Re: [SRI] Escaping mixed-content blocking for video distribution from Mark Watson on 2014-11-05 (public-webappsec@w3.org from November 2014)

From: Mark Watson <watsonm@netflix.com>
Date: Tue, 4 Nov 2014 18:18:00 -0800
To: Adam Langley <agl@google.com>
Cc: Mike West <mkwst@google.com>, Frederik Braun <fbraun@mozilla.com>, "public-webappsec@w3.org" <public-webappsec@w3.org>
Message-ID: <CAEnTvdDX_zoUX8QXU5-JOq98RwzzWieG1-wCwWvQ+saEDu1R3w@mail.gmail.com>

On Tue, Nov 4, 2014 at 5:58 PM, Adam Langley <agl@google.com> wrote:

> On Tue, Nov 4, 2014 at 5:46 PM, Mark Watson <watsonm@netflix.com> wrote:
> > I assumed the script was going to provide the hashes, since the content
> > would be coming over HTTP.
>
> That's a simple solution, but it wasn't what I had in mind at the time.
>
> Consider an HD movie that's 10GiB in size. Chunks of data cannot be
> processed before they have been verified and we don't want to add too
> much verification latency. So let's posit that 16KiB chunks are used.
>

Let's say the movie is 2 hours long. Typically, adaptive streaming
downloads data in small chunks, say 2s in duration. It would be reasonable
to hash each such chunk, so there would be 3600 hashes = 112KB (I don't see
any reason to base64 them, they can be pulled from wherever they come with
XHR).

A 2s chunk of video, in this example, is 2.8MB, so this overhead is small
(obviously it's bigger for lower bitrates).

It's true that having to wait for a complete chunk to download before
playback will affect the quality of experience. There will be corner cases
where playback could have continued if a chunk could be played before
verification, but it will stall waiting for the completion of the chunk.

>
> If all the hashes for those chunks were sent upfront in the HTML then
> there are 10 * 2^^30 / 2^^14 chunks * 32 bytes per hash * 4/3 base64
> expansion = ~27MB of hashes to send the client before anything else.
>
> With the Merkle tree construction, the hash data can be interleaved in
> the 10GiB stream such that they are only downloaded as needed.

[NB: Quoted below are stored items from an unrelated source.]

(* Let $V$ be a finite set. Let $\mathcal{E}:=\{\hat X\in\mathbb{S}^{\{0\}\cup V}_+ : \hat X_{ii}=1\ \forall i\in\{0\}\cup V\}$, $\mathcal{E}':=\{\hat X\in\mathcal{E} : (e_0+e_i)^{\mathsf T}\hat X(e_0+e_j)\ge 0\ \forall ij\in\binom{V}{2}\}$, and $\mathcal{E}'':=\{\hat X\in\mathcal{E} : (e_0-e_i)^{\mathsf T}\hat X(e_0-e_j)\ge 0\ \forall ij\in\binom{V}{2}\}$. Let $\hat{\mathcal{C}}\in\{\mathcal{E},\mathcal{E}',\mathcal{E}''\}$. Then a point $\hat X$ of $\hat{\mathcal{C}}$ is a vertex of $\hat{\mathcal{C}}$ if and only if $\operatorname{rank}(\hat X)=1$. Thus the vertices of $\hat{\mathcal{C}}$ are precisely the matrices $(1\oplus x_S)(1\oplus x_S)^{\mathsf T}$ where $x_S=\chi^S-\chi^{V\setminus S}$ for some $S\subseteq V$.
   Context: $0$ is a new index not in $V$; $\mathbb{S}^{W}_+$ denotes real symmetric positive semidefinite matrices indexed by $W$, with trace inner product; $e_i$ are standard basis vectors of $\mathbb{R}^{\{0\}\cup V}$. $\chi^S\in\{0,1\}^V$ is the incidence vector of $S$; $1\oplus x\in\mathbb{R}^{\{0\}\cup V}$ has $0$-entry $1$. For a convex set $\mathcal{C}$ in a finite-dimensional space $\mathbb{E}$ and $\bar x\in\mathcal{C}$, the normal cone is $N_{\mathcal{C}}(\bar x):=\{c : \langle c,x\rangle\le\langle c,\bar x\rangle\ \forall x\in\mathcal{C}\}$; $\bar x$ is a vertex if $\dim N_{\mathcal{C}}(\bar x)=\dim\mathbb{E}$. *)

theory Defs
  imports "HOL-Analysis.Analysis"
begin

(* Index set {0} \<union> V is the finite type 'n; the element z plays the role of 0,
   and V = UNIV - {z}. *)

definition ebas :: "'n::finite \<Rightarrow> real^'n" where
  "ebas i = axis i 1"

definition sym_mats :: "(real^'n^'n) set" where
  "sym_mats = {A. transpose A = A}"

definition psd :: "real^'n^'n \<Rightarrow> bool" where
  "psd A \<longleftrightarrow> transpose A = A \<and> (\<forall>x. 0 \<le> x \<bullet> (A *v x))"

definition elliptope :: "(real^'n::finite^'n) set" where
  "elliptope = {X. psd X \<and> (\<forall>i. X $ i $ i = 1)}"

definition elliptope' :: "'n::finite \<Rightarrow> (real^'n^'n) set" where
  "elliptope' z = {X \<in> elliptope. \<forall>i j. i \<noteq> z \<longrightarrow> j \<noteq> z \<longrightarrow> i \<noteq> j \<longrightarrow>
      0 \<le> (ebas z + ebas i) \<bullet> (X *v (ebas z + ebas j))}"

definition elliptope'' :: "'n::finite \<Rightarrow> (real^'n^'n) set" where
  "elliptope'' z = {X \<in> elliptope. \<forall>i j. i \<noteq> z \<longrightarrow> j \<noteq> z \<longrightarrow> i \<noteq> j \<longrightarrow>
      0 \<le> (ebas z - ebas i) \<bullet> (X *v (ebas z - ebas j))}"

definition normal_cone :: "(real^'n::finite^'n) set \<Rightarrow> real^'n^'n \<Rightarrow> (real^'n^'n) set" where
  "normal_cone C X = {A \<in> sym_mats. \<forall>Y\<in>C. trace (A ** Y) \<le> trace (A ** X)}"

definition is_vertex :: "(real^'n::finite^'n) set \<Rightarrow> real^'n^'n \<Rightarrow> bool" where
  "is_vertex C X \<longleftrightarrow> X \<in> C \<and> aff_dim (normal_cone C X) = aff_dim (sym_mats :: (real^'n^'n) set)"

(* 1 \<oplus> x_S with x_S = \<chi>^S - \<chi>^{V\S}, as a vector indexed by {0} \<union> V *)
definition lift_xS :: "'n::finite \<Rightarrow> 'n set \<Rightarrow> real^'n" where
  "lift_xS z S = (\<chi> i. if i = z then 1 else if i \<in> S then 1 else -1)"

definition outer :: "real^'n::finite \<Rightarrow> real^'n^'n" where
  "outer u = (\<chi> i j. u $ i * u $ j)"

end

theory Submission
  imports Defs
begin

(*
  A rank-one point \<open>X = u u\<^sup>T\<close>, \<open>u \<in> {-1, 1}\<^sup>n\<close>, is a vertex: the normal cone of the elliptope at \<open>X\<close>,
  which is contained in that of each smaller set, contains \<open>e\<^sub>k e\<^sub>k\<^sup>T\<close> for every \<open>k\<close> and \<open>-w w\<^sup>T\<close> for every
  \<open>w \<bullet> u = 0\<close>, and these matrices span all symmetric matrices.

  If \<open>rank X \<ge> 2\<close>, some \<open>y\<close> has \<open>(X y)\<^sub>0 = 0\<close> and \<open>X y \<noteq> 0\<close>. A congruence \<open>N(s) X N(s)\<^sup>T\<close>, with \<open>N(s)\<close>
  rotating \<open>e\<^sub>0\<close> towards \<open>y\<close> and the remaining rows adjusted accordingly, gives a curve through \<open>X\<close> that stays
  in the set for small \<open>|s|\<close> and has a nonzero symmetric derivative \<open>B\<close> at \<open>s = 0\<close>. Every normal
  matrix \<open>A\<close> at \<open>X\<close> then satisfies \<open>trace (A B) = 0\<close>, so the normal cone is not full-dimensional.

  Finally a rank-one matrix with unit diagonal has entries \<open>X\<^sub>i\<^sub>j = X\<^sub>i\<^sub>0 X\<^sub>j\<^sub>0\<close> with \<open>X\<^sub>i\<^sub>0 = \<plusminus>1\<close>.
*)

section \<open>Symmetric and positive semidefinite matrices\<close>

lemma ebas_inner [simp]: "ebas k \<bullet> w = w $ k"
  by (simp add: ebas_def inner_axis')

lemma inner_ebas [simp]: "w \<bullet> ebas k = w $ k"
  by (simp add: ebas_def inner_axis)

lemma matrix_vector_mult_ebas [simp]: "((A::real^'n::finite^'m::finite) *v ebas k) $ l = A $ l $ k"
  by (simp add: ebas_def matrix_vector_mult_def axis_def if_distrib cong: if_cong)

lemma ebas_vector_matrix_mult [simp]: "ebas k v* (A::real^'n::finite^'m::finite) = A $ k"
proof -
  have "(if i = k then 1 else 0) * A$i$j = (if i = k then A$i$j else 0)" for i j by simp
  then show ?thesis by (simp add: ebas_def vec_eq_iff vector_matrix_mult_def axis_def)
qed

lemma sum_mult_ebas: "(\<Sum>j\<in>UNIV. g j * ebas j $ l) = (g l :: real)"
proof -
  have "g j * ebas j $ l = (if j = l then g j else 0)" for j by (simp add: ebas_def axis_def)
  then show ?thesis by simp
qed

lemma symmetric_matrix_entry: "transpose A = A \<Longrightarrow> A $ i $ j = A $ j $ i"
  by (metis transpose_def vec_lambda_beta)

lemma transpose_add: "transpose (A + B) = transpose A + transpose (B::'a::comm_semiring_1^'n^'m)"
  by (simp add: transpose_def vec_eq_iff)

lemma matrix_add_rdistrib: "(A + B) ** C = A ** C + B ** (C::'a::semiring_1^'p^'n)"
  by (simp add: matrix_matrix_mult_def vec_eq_iff sum.distrib distrib_right)

lemma inner_matrix_vector_commute:
  fixes A :: "real^'n::finite^'n"
  assumes "transpose A = A"
  shows "p \<bullet> (A *v q) = q \<bullet> (A *v p)"
  by (metis assms dot_lmul_matrix inner_commute vector_transpose_matrix)

lemma psd_symmetric: "psd A \<Longrightarrow> transpose A = A"
  by (simp add: psd_def)

lemma psd_nonneg: "psd A \<Longrightarrow> 0 \<le> x \<bullet> (A *v x)"
  by (simp add: psd_def)

lemma nonneg_quadratic_imp_linear_coeff_zero:
  fixes b c :: real
  assumes "\<And>t. 0 \<le> 2*t*b + t*t*c"
  shows "b = 0"
proof (rule ccontr)
  assume "b \<noteq> 0"
  define m where "m = \<bar>c\<bar> + 1"
  have "m > 0" by (simp add: m_def add_pos_nonneg)
  have "0 \<le> 2*(-b/m)*b + (-b/m)*(-b/m)*c" by (rule assms)
  also have "\<dots> = (b*b / m) * (c / m - 2)"
    using \<open>m > 0\<close> by (simp add: field_simps)
  also have "\<dots> < 0"
    using \<open>b \<noteq> 0\<close> \<open>m > 0\<close>
    by (intro mult_pos_neg divide_pos_pos) (auto simp: divide_less_eq m_def zero_less_mult_iff)
  finally show False by simp
qed

lemma psd_quadratic_zero_imp_null:
  fixes A :: "real^'n::finite^'n"
  assumes "psd A" "x \<bullet> (A *v x) = 0"
  shows "A *v x = 0"
proof -
  define w where "w = A *v x"
  have "0 \<le> 2*t*(w \<bullet> w) + t*t*(w \<bullet> (A *v w))" for t
  proof -
    have "0 \<le> (x + t *\<^sub>R w) \<bullet> (A *v (x + t *\<^sub>R w))"
      using assms(1) by (rule psd_nonneg)
    also have "\<dots> = x \<bullet> (A *v x) + t * (x \<bullet> (A *v w)) + t * (w \<bullet> (A *v x)) + t*t*(w \<bullet> (A *v w))"
      by (simp add: algebra_simps inner_add_left inner_add_right)
    also have "x \<bullet> (A *v w) = w \<bullet> (A *v x)"
      using assms(1) by (simp add: psd_symmetric inner_matrix_vector_commute)
    finally show ?thesis using assms(2) by (simp add: w_def)
  qed
  then have "w \<bullet> w = 0" by (rule nonneg_quadratic_imp_linear_coeff_zero)
  then show ?thesis by (simp add: w_def)
qed

lemma congruence_entry:
  fixes N A :: "real^'n::finite^'n"
  shows "(N ** A ** transpose N) $ k $ l = N $ k \<bullet> (A *v N $ l)"
proof -
  have "(N ** A ** transpose N) $ k $ l = (\<Sum>j\<in>UNIV. \<Sum>m\<in>UNIV. N$k$m * A$m$j * N$l$j)"
    by (simp add: matrix_matrix_mult_def transpose_def sum_distrib_right)
  also have "\<dots> = (\<Sum>m\<in>UNIV. \<Sum>j\<in>UNIV. N$k$m * A$m$j * N$l$j)" by (rule sum.swap)
  also have "\<dots> = N$k \<bullet> (A *v N$l)"
    by (simp add: inner_vec_def matrix_vector_mult_def sum_distrib_left mult.assoc)
  finally show ?thesis .
qed

lemma congruence_quadratic_form:
  fixes N A :: "real^'n::finite^'n"
  shows "p \<bullet> ((N ** A ** transpose N) *v q) = (p v* N) \<bullet> (A *v (q v* N))"
  by (simp add: matrix_vector_mul_assoc[symmetric] dot_lmul_matrix)

lemma psd_congruence:
  fixes N A :: "real^'n::finite^'n"
  assumes "psd A" "0 \<le> c"
  shows "psd (c *\<^sub>R (N ** A ** transpose N))"
  using assms unfolding psd_def
  by (auto simp: transpose_scalar matrix_transpose_mul matrix_mul_assoc congruence_quadratic_form
      scaleR_matrix_vector_assoc[symmetric])
lemma sum_card_exchange_nbrs:
  assumes "finite P" "\<And>S. S \<in> P \<Longrightarrow> finite S" "S0 \<in> P" "v \<in> S0" "v \<notin> N"
    and "card S0 = p + q" "p > 0" "q > 0"
  shows "(\<Sum>g\<in>{g\<in>block_choices P p. v \<notin> g S0}. card (g S0 \<inter> N)) * ((p + q) * (p + q - 1))
       = card (block_choices P p) * p * q * card (S0 \<inter> N)"
proof -
  define Out where "Out = {g\<in>block_choices P p. v \<notin> g S0}"
  have fin: "finite Out" "finite (S0 \<inter> N)"
    using finite_block_choices[OF assms(1,2)] assms(2,3) by (auto simp: Out_def)
  have "(\<Sum>g\<in>Out. card (g S0 \<inter> N)) = (\<Sum>g\<in>Out. card {w\<in>S0 \<inter> N. w \<in> g S0})"
    using assms(3) by (intro sum.cong arg_cong[where f = card]) (auto simp: Out_def block_choices_iff)
  also have "\<dots> = (\<Sum>w\<in>S0 \<inter> N. card {g\<in>Out. w \<in> g S0})"
    using sum.swap_restrict[OF fin, of "\<lambda>_ _. 1::nat" "\<lambda>g w. w \<in> g S0"] by simp
  also have "\<dots> = (\<Sum>w\<in>S0 \<inter> N. card {g\<in>block_choices P p. v \<notin> g S0 \<and> w \<in> g S0})"
    by (intro sum.cong refl arg_cong[where f = card]) (auto simp: Out_def)
  finally have "(\<Sum>g\<in>Out. card (g S0 \<inter> N)) * ((p + q) * (p + q - 1))
      = (\<Sum>w\<in>S0 \<inter> N. card {g\<in>block_choices P p. v \<notin> g S0 \<and> w \<in> g S0} * ((p + q) * (p + q - 1)))"
    by (simp add: sum_distrib_right)
  also have "\<dots> = (\<Sum>w\<in>S0 \<inter> N. card (block_choices P p) * p * q)"
    using assms by (intro sum.cong card_block_choices_avoiding_containing) auto
  finally show ?thesis by (simp add: Out_def mult.commute)
qed
lemma istopology_star_topology:
  fixes d :: "'a \<Rightarrow> 'a \<Rightarrow> real"
  shows "istopology (\<lambda>U. U \<subseteq> X \<and> (\<forall>a\<in>U. \<exists>r>0. {x\<in>X. d a x < r} \<subseteq> U))"
  unfolding istopology_def
proof (intro conjI allI impI ballI)
  fix S T a
  assume S: "S \<subseteq> X \<and> (\<forall>a\<in>S. \<exists>r>0. {x\<in>X. d a x < r} \<subseteq> S)"
    and T: "T \<subseteq> X \<and> (\<forall>a\<in>T. \<exists>r>0. {x\<in>X. d a x < r} \<subseteq> T)"
  then show "S \<inter> T \<subseteq> X"
    by blast
  assume "a \<in> S \<inter> T"
  then obtain r s where "r > 0" "{x\<in>X. d a x < r} \<subseteq> S" "s > 0" "{x\<in>X. d a x < s} \<subseteq> T"
    using S T by blast
  then show "\<exists>r>0. {x\<in>X. d a x < r} \<subseteq> S \<inter> T"
    by (intro exI[of _ "min r s"]) auto
next
  fix K a
  assume K: "\<forall>S\<in>K. S \<subseteq> X \<and> (\<forall>a\<in>S. \<exists>r>0. {x\<in>X. d a x < r} \<subseteq> S)"
  then show "\<Union>K \<subseteq> X"
    by blast
  assume "a \<in> \<Union>K"
  with K show "\<exists>r>0. {x\<in>X. d a x < r} \<subseteq> \<Union>K"
    by (meson Union_iff subset_iff)
qed

lemma openin_star_topology:
  "openin (star_topology X d) U \<longleftrightarrow> U \<subseteq> X \<and> (\<forall>a\<in>U. \<exists>r>0. star_ball X d a r \<subseteq> U)"
  unfolding star_topology_def star_ball_def by (simp add: topology_inverse'[OF istopology_star_topology])

lemma topspace_star_topology: "topspace (star_topology X d) = X"
proof (rule subset_antisym)
  show "topspace (star_topology X d) \<subseteq> X"
    using openin_topspace[of "star_topology X d"] unfolding openin_star_topology by blast
  have "openin (star_topology X d) X"
    unfolding openin_star_topology star_ball_def by (auto intro: exI[of _ 1])
  then show "X \<subseteq> topspace (star_topology X d)"
    by (rule openin_subset)
qed

context
  fixes star :: "real \<Rightarrow> real \<Rightarrow> real"
  assumes star: "t_definer star"
begin

lemma t_definer_commute: "0 \<le> a \<Longrightarrow> 0 \<le> b \<Longrightarrow> star a b = star b a"
  using star unfolding t_definer_def by fast

lemma t_definer_mono_left: "0 \<le> a \<Longrightarrow> a \<le> b \<Longrightarrow> 0 \<le> c \<Longrightarrow> star a c \<le> star b c"
  using star unfolding t_definer_def by (metis order_trans)

lemma t_definer_zero_right: "0 \<le> a \<Longrightarrow> star a 0 = a"
  using star unfolding t_definer_def by fast

lemma t_definer_continuous_on: "0 \<le> b \<Longrightarrow> continuous_on {0..} (\<lambda>a. star a b)"
  using star unfolding t_definer_def by fast

lemma t_definer_mono:
  assumes "0 \<le> a" "a \<le> a'" "0 \<le> b" "b \<le> b'"
  shows "star a b \<le> star a' b'"
proof -
  have "star a b \<le> star a' b"
    using assms by (simp add: t_definer_mono_left)
  also have "\<dots> = star b a'"
    using assms by (simp add: t_definer_commute)
  also have "\<dots> \<le> star b' a'"
    using assms by (simp add: t_definer_mono_left)
  also have "\<dots> = star a' b'"
    using assms by (simp add: t_definer_commute)
  finally show ?thesis .
qed

lemma t_definer_ge_left: "0 \<le> a \<Longrightarrow> 0 \<le> b \<Longrightarrow> a \<le> star a b"
  using t_definer_mono[of a a 0 b] by (simp add: t_definer_zero_right)

lemma t_definer_less_near_zero:
  assumes "0 \<le> a" "a < r"
  obtains s where "s > 0" "\<And>t. 0 \<le> t \<Longrightarrow> t < s \<Longrightarrow> star a t < r"
proof -
  have "((\<lambda>t. star t a) \<longlongrightarrow> star 0 a) (at 0 within {0..})"
    using t_definer_continuous_on[OF assms(1)] by (simp add: continuous_on_def)
  moreover have star_0: "star 0 a = a"
    using t_definer_commute[of 0 a] t_definer_zero_right[of a] assms(1) by simp
  ultimately have "\<forall>\<^sub>F t in at 0 within {0..}. star t a < r"
    using assms(2) by (simp add: order_tendstoD(2))
  then obtain s where "s > 0" and s: "\<And>t. t \<in> {0..} \<Longrightarrow> t \<noteq> 0 \<Longrightarrow> dist t 0 < s \<Longrightarrow> star t a < r"
    unfolding eventually_at by blast
  show thesis
  proof (rule that[OF \<open>s > 0\<close>])
    fix t :: real
    assume "0 \<le> t" "t < s"
    then have "star t a < r"
      using s[of t] star_0 assms(2) by (cases "t = 0") auto
    then show "star a t < r"
      using assms \<open>0 \<le> t\<close> by (simp add: t_definer_commute)
  qed
qed

lemma t_definer_exists_small:
  assumes "e > 0"
  obtains r where "r > 0" "star r r < e"
proof -
  obtain s where "s > 0" and s: "\<And>t. 0 \<le> t \<Longrightarrow> t < s \<Longrightarrow> star (e/2) t < e"
    using t_definer_less_near_zero[of "e/2" e] assms by auto
  define r where "r = min (e/2) (s/2)"
  have "r > 0"
    using \<open>s > 0\<close> assms by (simp add: r_def)
  have "star r r \<le> star (e/2) r"
    using \<open>r > 0\<close> by (intro t_definer_mono_left) (auto simp: r_def)
  also have "\<dots> < e"
    using s \<open>r > 0\<close> \<open>s > 0\<close> by (simp add: r_def)
  finally show thesis
    using that \<open>r > 0\<close> by blast
qed

end

context
  fixes star :: "real \<Rightarrow> real \<Rightarrow> real" and X :: "'a set" and d :: "'a \<Rightarrow> 'a \<Rightarrow> real"
  assumes d: "star_metric star X d"
begin

lemma star_metric_nonneg: "x \<in> X \<Longrightarrow> y \<in> X \<Longrightarrow> 0 \<le> d x y"
  using d unfolding star_metric_def by fast

lemma star_metric_self: "x \<in> X \<Longrightarrow> d x x = 0"
  using d unfolding star_metric_def by fast

lemma star_metric_sym: "x \<in> X \<Longrightarrow> y \<in> X \<Longrightarrow> d x y = d y x"
  using d unfolding star_metric_def by fast

lemma star_metric_triangle: "x \<in> X \<Longrightarrow> y \<in> X \<Longrightarrow> z \<in> X \<Longrightarrow> d x y \<le> star (d x z) (d z y)"
  using d unfolding star_metric_def by fast
text \<open>The twirl \<open>\<Delta>\<close> is an average of unitary conjugations, hence completely positive and
  trace preserving. Left multiplication permutes \<open>G\<close>, so every \<open>\<Delta>(\<rho>)\<close> is invariant under
  conjugation by \<open>G\<close>; thus \<open>\<Delta>\<close> is idempotent, \<open>\<F>(A)\<close> is its set of fixed states, and by
  linearity it is closed under affine combinations.

  For the last claim, write a \<open>\<Delta>\<^sup>\<otimes>\<^sup>N\<close>-fixed \<open>\<rho>\<close> in matrix units:
  \<open>\<rho> = \<Delta>\<^sup>\<otimes>\<^sup>N(\<rho>)\<close> is a complex combination of products \<open>\<Delta>(E\<^sub>1) \<otimes> \<dots> \<otimes> \<Delta>(E\<^sub>N)\<close>, and by
  polarization each matrix unit is a complex combination of states, so \<open>\<rho>\<close> is a complex
  combination of elements of \<open>\<F>(A)\<^sup>\<otimes>\<^sup>N\<close>. As \<open>\<rho>\<close> and these products are Hermitian, the
  coefficients may be replaced by their real parts, and comparing traces shows they sum to 1.\<close>

lemma sum_lessThan_mult:
  fixes f :: "nat \<Rightarrow> 'a::comm_monoid_add"
  shows "(\<Sum>i<m*n. f i) = (\<Sum>a<m. \<Sum>p<n. f (a*n+p))"
proof (induction m)
  case 0 then show ?case by simp
next
  case (Suc m)
  have e: "{..<Suc m * n} = {..<m*n} \<union> {m*n..<m*n+n}" by auto
  have "(\<Sum>i\<in>{0+m*n..<n+m*n}. f i) = (\<Sum>p\<in>{0..<n}. f (p+m*n))"
    by (rule sum.shift_bounds_nat_ivl)
  then have "(\<Sum>i\<in>{m*n..<m*n+n}. f i) = (\<Sum>p<n. f (m*n+p))"
    by (simp add: add.commute lessThan_atLeast0)
  moreover have "(\<Sum>i<Suc m * n. f i) = (\<Sum>i<m*n. f i) + (\<Sum>i\<in>{m*n..<m*n+n}. f i)"
    unfolding e by (rule sum.union_disjoint) auto
  ultimately show ?case using Suc by simp
qed

lemma mult_add_less_mult: "a < k \<Longrightarrow> p < (d::nat) \<Longrightarrow> a*d+p < k*d"
proof -
  assume "a<k" "p<d"
  then have "a*d+p < a*d + d" by simp
  also have "\<dots> = Suc a * d" by simp
  also have "\<dots> \<le> k*d" using \<open>a<k\<close> by (intro mult_le_mono1) simp
  finally show ?thesis .
qed

lemma mult_add_div_mod_eq [simp]:
  "p < (D::nat) \<Longrightarrow> (a * D + p) div D = a" "p < (D::nat) \<Longrightarrow> (a * D + p) mod D = p"
  by simp_all

lemma sum_swap3: "(\<Sum>p\<in>P. \<Sum>q\<in>Q. \<Sum>u\<in>W. f p q u) = (\<Sum>u\<in>W. \<Sum>p\<in>P. \<Sum>q\<in>Q. f p q u)"
proof -
  have "(\<Sum>p\<in>P. \<Sum>q\<in>Q. \<Sum>u\<in>W. f p q u) = (\<Sum>p\<in>P. \<Sum>u\<in>W. \<Sum>q\<in>Q. f p q u)"
    by (rule sum.cong[OF refl], rule sum.swap)
  also have "\<dots> = (\<Sum>u\<in>W. \<Sum>p\<in>P. \<Sum>q\<in>Q. f p q u)" by (rule sum.swap)
  finally show ?thesis .
qed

The
> downside is that you either need a server capable of doing the
> interleaving dynamically, or you need two copies of the data on disk:
> one with interleaved hashes and one without. (Unless the data format
> is sufficiently forgiving that you can get away with serving the
> interleaved version to clients that aren't doing SRI processing.)
>

Ok, so I guess this could solve the above problem, by having the site
provide a hash for each 2s chunk, say, where this hash is actually the hash
of the concatenation of the hashes for smaller pieces of that chunk and
these hashes are embedded in the file *before* the chunk they pertain to.
That way data could be fed to the video decoder closer to when it arrives.

At least in the fragmented mp4 file case there are plenty of ways to embed
stuff that will be ignored by existing clients that don't understand it.

At present we are using the Media Source Extensions, with the data being
retrieved into an ArrayBuffer with XHR and this ArrayBuffer being fed into
the Media Source. The XHR does not know the data is for media playback, so
it couldn't do the above.

However, we are discussing how to integrate with Streams, so that a Stream
obtained from the XHR would be connected directly to the Media Source. I
guess in this case there could be some media-specific integrity checking on
the Media Source side that allows this otherwise "untrusted" XHR data to be
used. In this case the data would never be exposed to JS.

...Mark

>
>
> Cheers
>
> AGL
>

Received on Wednesday, 5 November 2014 02:18:29 UTC